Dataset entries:
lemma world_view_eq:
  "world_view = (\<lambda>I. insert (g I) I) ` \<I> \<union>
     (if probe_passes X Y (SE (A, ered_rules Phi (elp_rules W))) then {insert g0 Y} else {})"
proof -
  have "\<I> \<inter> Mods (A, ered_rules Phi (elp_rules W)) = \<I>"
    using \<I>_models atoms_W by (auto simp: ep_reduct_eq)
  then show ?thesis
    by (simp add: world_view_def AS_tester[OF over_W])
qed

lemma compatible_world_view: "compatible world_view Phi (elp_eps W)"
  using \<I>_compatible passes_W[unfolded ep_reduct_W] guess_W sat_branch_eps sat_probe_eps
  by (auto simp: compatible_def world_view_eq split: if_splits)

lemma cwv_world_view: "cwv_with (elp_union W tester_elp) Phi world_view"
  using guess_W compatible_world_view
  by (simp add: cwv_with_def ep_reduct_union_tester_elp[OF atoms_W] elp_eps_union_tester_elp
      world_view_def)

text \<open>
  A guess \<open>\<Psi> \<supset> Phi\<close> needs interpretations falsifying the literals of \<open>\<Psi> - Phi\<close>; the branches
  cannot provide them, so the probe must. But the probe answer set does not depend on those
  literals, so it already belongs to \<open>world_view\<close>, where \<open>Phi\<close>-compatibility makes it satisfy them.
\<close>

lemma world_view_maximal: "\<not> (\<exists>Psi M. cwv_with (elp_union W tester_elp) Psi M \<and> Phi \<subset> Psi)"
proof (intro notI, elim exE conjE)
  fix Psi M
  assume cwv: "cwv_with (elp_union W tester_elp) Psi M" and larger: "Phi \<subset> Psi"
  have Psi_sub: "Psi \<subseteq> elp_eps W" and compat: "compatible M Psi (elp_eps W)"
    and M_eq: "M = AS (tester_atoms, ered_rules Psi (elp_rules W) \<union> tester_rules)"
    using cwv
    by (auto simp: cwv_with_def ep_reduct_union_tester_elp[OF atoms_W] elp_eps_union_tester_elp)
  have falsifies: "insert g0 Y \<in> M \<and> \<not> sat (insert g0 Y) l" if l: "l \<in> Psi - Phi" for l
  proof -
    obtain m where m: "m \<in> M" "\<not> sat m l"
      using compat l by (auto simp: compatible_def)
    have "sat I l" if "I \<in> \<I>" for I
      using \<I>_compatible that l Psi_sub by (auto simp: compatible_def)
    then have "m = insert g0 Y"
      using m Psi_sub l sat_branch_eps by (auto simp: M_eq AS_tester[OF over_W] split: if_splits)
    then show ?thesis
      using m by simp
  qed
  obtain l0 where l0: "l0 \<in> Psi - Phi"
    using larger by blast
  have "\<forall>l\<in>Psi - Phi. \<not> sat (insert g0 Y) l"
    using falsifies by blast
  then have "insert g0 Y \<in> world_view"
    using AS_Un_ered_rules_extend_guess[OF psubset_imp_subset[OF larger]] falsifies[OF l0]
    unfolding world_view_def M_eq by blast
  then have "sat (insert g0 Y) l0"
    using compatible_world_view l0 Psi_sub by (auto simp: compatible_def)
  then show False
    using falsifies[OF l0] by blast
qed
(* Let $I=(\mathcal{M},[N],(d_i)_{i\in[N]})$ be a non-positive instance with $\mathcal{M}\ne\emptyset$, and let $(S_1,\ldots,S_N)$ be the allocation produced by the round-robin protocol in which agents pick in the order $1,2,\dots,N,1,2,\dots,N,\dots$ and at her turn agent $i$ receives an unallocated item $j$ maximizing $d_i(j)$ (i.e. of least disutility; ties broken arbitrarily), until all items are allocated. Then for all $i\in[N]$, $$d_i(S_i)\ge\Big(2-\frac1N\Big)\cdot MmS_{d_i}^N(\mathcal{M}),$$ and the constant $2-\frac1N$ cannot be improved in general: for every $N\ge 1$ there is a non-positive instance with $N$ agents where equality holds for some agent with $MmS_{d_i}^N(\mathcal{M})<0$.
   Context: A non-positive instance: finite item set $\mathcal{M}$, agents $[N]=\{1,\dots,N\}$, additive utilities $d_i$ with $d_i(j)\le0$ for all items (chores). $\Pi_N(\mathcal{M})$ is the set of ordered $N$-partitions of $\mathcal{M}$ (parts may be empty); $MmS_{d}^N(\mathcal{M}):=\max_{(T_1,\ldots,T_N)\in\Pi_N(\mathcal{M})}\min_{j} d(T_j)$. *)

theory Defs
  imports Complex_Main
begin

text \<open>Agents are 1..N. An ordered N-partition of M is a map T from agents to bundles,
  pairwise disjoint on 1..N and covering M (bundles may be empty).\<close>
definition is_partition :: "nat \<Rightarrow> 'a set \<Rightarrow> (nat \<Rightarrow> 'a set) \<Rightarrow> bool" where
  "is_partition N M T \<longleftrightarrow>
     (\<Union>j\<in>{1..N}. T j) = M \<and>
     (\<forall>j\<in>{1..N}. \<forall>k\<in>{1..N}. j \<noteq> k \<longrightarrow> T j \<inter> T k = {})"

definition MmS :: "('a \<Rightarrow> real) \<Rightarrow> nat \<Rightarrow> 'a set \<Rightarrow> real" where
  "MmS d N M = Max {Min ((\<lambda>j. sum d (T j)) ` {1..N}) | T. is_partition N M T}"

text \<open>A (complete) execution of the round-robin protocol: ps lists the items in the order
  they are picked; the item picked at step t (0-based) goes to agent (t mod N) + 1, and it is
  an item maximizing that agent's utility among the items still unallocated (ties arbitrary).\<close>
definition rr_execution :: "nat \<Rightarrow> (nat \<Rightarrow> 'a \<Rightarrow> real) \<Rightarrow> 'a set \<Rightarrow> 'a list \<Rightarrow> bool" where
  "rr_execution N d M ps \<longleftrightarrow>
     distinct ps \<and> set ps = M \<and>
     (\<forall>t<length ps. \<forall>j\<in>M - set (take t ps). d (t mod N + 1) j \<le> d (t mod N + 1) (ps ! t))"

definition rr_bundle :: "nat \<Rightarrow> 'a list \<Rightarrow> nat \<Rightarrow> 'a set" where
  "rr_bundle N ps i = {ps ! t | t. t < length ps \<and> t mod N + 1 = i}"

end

TASK DIRECTIONS: When the word "bundles" shows up in a line of the entries, report that line.

OUTPUT:
text \<open>Agents are 1..N. An ordered N-partition of M is a map T from agents to bundles,
  pairwise disjoint on 1..N and covering M (bundles may be empty).\<close>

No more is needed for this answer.